→ **Task instructions**: The entries that follow include a run beginning at the line with "B_k)=F(A)\oplus F(B)$. *)" and ending at the line with "map2 (\<lambda>A B."; restate that run word for word and leave the rest out.

→ **Dataset extract**:
***

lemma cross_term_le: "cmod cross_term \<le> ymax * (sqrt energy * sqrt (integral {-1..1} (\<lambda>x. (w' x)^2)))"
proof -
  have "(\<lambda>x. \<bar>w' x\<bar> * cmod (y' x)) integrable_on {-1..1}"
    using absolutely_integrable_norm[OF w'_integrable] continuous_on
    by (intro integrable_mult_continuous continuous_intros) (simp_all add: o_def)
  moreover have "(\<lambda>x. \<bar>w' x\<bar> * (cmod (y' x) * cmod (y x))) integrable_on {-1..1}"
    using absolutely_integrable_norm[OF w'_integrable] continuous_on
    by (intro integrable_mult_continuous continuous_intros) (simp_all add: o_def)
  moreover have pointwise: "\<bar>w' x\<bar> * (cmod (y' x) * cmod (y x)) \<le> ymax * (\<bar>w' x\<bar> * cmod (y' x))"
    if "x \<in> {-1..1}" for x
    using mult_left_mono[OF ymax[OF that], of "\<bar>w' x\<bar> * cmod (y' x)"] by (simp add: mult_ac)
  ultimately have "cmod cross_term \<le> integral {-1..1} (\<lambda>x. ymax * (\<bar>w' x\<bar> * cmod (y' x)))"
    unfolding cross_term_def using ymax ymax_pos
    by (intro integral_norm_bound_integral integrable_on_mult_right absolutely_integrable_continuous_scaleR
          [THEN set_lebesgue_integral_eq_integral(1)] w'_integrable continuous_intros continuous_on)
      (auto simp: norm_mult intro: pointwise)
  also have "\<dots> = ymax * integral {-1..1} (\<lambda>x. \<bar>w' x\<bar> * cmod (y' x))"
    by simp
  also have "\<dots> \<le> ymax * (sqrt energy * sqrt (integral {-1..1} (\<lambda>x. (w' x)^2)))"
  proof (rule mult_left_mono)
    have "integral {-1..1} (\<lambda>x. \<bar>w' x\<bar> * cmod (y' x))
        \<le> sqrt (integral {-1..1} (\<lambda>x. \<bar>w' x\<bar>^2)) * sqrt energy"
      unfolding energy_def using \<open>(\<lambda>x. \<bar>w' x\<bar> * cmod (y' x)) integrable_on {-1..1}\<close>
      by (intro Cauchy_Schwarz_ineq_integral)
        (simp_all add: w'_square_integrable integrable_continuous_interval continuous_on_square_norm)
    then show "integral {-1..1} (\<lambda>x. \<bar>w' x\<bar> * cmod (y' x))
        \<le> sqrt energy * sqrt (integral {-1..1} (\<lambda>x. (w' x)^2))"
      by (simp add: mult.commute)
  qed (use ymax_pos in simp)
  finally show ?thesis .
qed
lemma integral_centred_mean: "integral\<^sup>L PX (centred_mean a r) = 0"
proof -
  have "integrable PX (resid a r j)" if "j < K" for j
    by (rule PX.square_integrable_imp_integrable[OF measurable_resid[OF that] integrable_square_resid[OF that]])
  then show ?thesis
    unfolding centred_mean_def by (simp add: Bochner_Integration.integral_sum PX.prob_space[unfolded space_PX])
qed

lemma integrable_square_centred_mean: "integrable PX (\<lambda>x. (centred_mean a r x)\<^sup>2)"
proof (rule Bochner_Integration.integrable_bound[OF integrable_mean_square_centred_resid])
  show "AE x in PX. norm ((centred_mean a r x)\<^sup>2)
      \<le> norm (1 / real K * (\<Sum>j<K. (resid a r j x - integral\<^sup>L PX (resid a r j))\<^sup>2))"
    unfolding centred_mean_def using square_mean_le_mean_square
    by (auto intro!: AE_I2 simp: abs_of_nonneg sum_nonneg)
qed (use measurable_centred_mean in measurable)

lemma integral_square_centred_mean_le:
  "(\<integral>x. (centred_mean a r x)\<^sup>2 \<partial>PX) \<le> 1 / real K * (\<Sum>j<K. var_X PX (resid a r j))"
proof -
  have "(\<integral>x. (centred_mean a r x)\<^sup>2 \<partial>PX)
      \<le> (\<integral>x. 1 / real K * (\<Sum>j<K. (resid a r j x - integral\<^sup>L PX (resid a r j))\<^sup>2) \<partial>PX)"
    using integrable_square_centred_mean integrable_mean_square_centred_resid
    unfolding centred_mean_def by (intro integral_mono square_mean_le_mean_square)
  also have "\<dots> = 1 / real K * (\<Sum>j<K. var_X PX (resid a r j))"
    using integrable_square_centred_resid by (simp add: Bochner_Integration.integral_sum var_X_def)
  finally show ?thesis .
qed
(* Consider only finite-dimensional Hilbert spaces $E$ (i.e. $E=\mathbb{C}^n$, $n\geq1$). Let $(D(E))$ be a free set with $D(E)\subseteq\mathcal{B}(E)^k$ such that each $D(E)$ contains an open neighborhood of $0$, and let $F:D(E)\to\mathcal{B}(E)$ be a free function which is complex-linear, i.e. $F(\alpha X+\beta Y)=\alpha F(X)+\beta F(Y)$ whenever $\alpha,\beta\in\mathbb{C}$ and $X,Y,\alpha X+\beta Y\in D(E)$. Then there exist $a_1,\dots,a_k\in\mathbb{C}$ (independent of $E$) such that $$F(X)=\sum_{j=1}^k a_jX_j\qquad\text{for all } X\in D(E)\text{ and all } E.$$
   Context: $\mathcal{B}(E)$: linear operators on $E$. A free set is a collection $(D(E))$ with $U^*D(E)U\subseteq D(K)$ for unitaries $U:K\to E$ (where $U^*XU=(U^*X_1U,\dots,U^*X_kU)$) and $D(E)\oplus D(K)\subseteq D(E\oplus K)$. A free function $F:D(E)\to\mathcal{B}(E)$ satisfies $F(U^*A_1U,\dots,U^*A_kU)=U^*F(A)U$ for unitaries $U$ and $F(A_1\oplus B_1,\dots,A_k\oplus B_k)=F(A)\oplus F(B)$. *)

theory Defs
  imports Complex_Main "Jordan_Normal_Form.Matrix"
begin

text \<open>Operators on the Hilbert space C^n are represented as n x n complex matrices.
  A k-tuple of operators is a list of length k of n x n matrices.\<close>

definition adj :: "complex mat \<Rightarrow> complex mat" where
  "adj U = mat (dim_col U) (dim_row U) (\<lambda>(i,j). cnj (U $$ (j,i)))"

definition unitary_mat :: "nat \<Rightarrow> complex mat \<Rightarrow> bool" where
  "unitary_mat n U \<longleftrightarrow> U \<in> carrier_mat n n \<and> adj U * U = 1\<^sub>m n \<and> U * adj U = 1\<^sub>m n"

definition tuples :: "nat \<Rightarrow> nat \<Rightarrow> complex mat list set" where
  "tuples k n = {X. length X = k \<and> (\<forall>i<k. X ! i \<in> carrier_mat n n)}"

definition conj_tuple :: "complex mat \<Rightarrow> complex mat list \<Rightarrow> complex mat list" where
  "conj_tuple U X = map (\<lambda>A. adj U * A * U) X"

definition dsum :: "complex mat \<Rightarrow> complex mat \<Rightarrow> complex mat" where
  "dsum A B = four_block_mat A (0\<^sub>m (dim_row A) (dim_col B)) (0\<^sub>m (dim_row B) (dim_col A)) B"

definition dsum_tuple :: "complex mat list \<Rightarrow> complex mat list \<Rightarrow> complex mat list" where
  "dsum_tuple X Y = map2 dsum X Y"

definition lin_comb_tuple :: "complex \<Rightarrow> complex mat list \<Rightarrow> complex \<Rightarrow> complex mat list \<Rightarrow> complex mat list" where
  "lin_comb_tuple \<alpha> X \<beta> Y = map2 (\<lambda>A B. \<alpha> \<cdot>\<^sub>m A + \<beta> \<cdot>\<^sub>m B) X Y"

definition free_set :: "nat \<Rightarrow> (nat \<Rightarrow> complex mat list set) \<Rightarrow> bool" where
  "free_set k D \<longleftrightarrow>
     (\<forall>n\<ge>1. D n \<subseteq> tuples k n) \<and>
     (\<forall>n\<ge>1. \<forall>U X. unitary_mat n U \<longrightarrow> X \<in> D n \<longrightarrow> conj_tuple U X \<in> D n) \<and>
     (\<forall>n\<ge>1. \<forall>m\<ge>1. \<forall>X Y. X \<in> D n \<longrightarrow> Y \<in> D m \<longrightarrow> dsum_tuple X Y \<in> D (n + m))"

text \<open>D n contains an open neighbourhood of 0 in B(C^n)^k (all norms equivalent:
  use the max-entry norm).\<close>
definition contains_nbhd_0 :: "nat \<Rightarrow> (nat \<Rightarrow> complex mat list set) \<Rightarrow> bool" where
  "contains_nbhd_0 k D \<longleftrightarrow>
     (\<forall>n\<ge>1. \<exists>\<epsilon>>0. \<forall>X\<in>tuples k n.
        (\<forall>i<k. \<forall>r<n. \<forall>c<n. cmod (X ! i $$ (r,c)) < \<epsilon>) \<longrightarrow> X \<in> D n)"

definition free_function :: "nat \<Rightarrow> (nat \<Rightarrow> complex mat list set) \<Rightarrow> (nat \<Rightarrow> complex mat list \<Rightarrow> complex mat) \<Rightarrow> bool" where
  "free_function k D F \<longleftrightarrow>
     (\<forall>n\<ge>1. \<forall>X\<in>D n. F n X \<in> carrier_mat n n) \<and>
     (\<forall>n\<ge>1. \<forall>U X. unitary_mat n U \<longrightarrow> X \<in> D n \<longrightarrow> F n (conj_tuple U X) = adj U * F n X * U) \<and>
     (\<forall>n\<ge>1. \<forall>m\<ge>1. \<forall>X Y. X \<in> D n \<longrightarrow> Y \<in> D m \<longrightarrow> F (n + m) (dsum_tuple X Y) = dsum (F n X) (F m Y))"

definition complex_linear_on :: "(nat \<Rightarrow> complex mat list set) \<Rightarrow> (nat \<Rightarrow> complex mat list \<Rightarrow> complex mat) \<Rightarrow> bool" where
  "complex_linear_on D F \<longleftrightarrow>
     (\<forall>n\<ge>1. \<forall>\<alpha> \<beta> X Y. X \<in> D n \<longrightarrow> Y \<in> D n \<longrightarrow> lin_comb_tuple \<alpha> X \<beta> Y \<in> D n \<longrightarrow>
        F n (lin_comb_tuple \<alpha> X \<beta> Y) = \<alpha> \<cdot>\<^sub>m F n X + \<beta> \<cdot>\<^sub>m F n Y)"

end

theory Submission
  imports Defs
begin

***

→ **Exercise result**:
   Context: $\mathcal{B}(E)$: linear operators on $E$. A free set is a collection $(D(E))$ with $U^*D(E)U\subseteq D(K)$ for unitaries $U:K\to E$ (where $U^*XU=(U^*X_1U,\dots,U^*X_kU)$) and $D(E)\oplus D(K)\subseteq D(E\oplus K)$. A free function $F:D(E)\to\mathcal{B}(E)$ satisfies $F(U^*A_1U,\dots,U^*A_kU)=U^*F(A)U$ for unitaries $U$ and $F(A_1\oplus B_1,\dots,A_k\oplus B_k)=F(A)\oplus F(B)$. *)

theory Defs
  imports Complex_Main "Jordan_Normal_Form.Matrix"
begin

text \<open>Operators on the Hilbert space C^n are represented as n x n complex matrices.
  A k-tuple of operators is a list of length k of n x n matrices.\<close>

definition adj :: "complex mat \<Rightarrow> complex mat" where
  "adj U = mat (dim_col U) (dim_row U) (\<lambda>(i,j). cnj (U $$ (j,i)))"

definition unitary_mat :: "nat \<Rightarrow> complex mat \<Rightarrow> bool" where
  "unitary_mat n U \<longleftrightarrow> U \<in> carrier_mat n n \<and> adj U * U = 1\<^sub>m n \<and> U * adj U = 1\<^sub>m n"

definition tuples :: "nat \<Rightarrow> nat \<Rightarrow> complex mat list set" where
  "tuples k n = {X. length X = k \<and> (\<forall>i<k. X ! i \<in> carrier_mat n n)}"

definition conj_tuple :: "complex mat \<Rightarrow> complex mat list \<Rightarrow> complex mat list" where
  "conj_tuple U X = map (\<lambda>A. adj U * A * U) X"

definition dsum :: "complex mat \<Rightarrow> complex mat \<Rightarrow> complex mat" where
  "dsum A B = four_block_mat A (0\<^sub>m (dim_row A) (dim_col B)) (0\<^sub>m (dim_row B) (dim_col A)) B"

definition dsum_tuple :: "complex mat list \<Rightarrow> complex mat list \<Rightarrow> complex mat list" where
  "dsum_tuple X Y = map2 dsum X Y"

definition lin_comb_tuple :: "complex \<Rightarrow> complex mat list \<Rightarrow> complex \<Rightarrow> complex mat list \<Rightarrow> complex mat list" where
  "lin_comb_tuple \<alpha> X \<beta> Y = map2 (\<lambda>A B. \<alpha> \<cdot>\<^sub>m A + \<beta> \<cdot>\<^sub>m B) X Y"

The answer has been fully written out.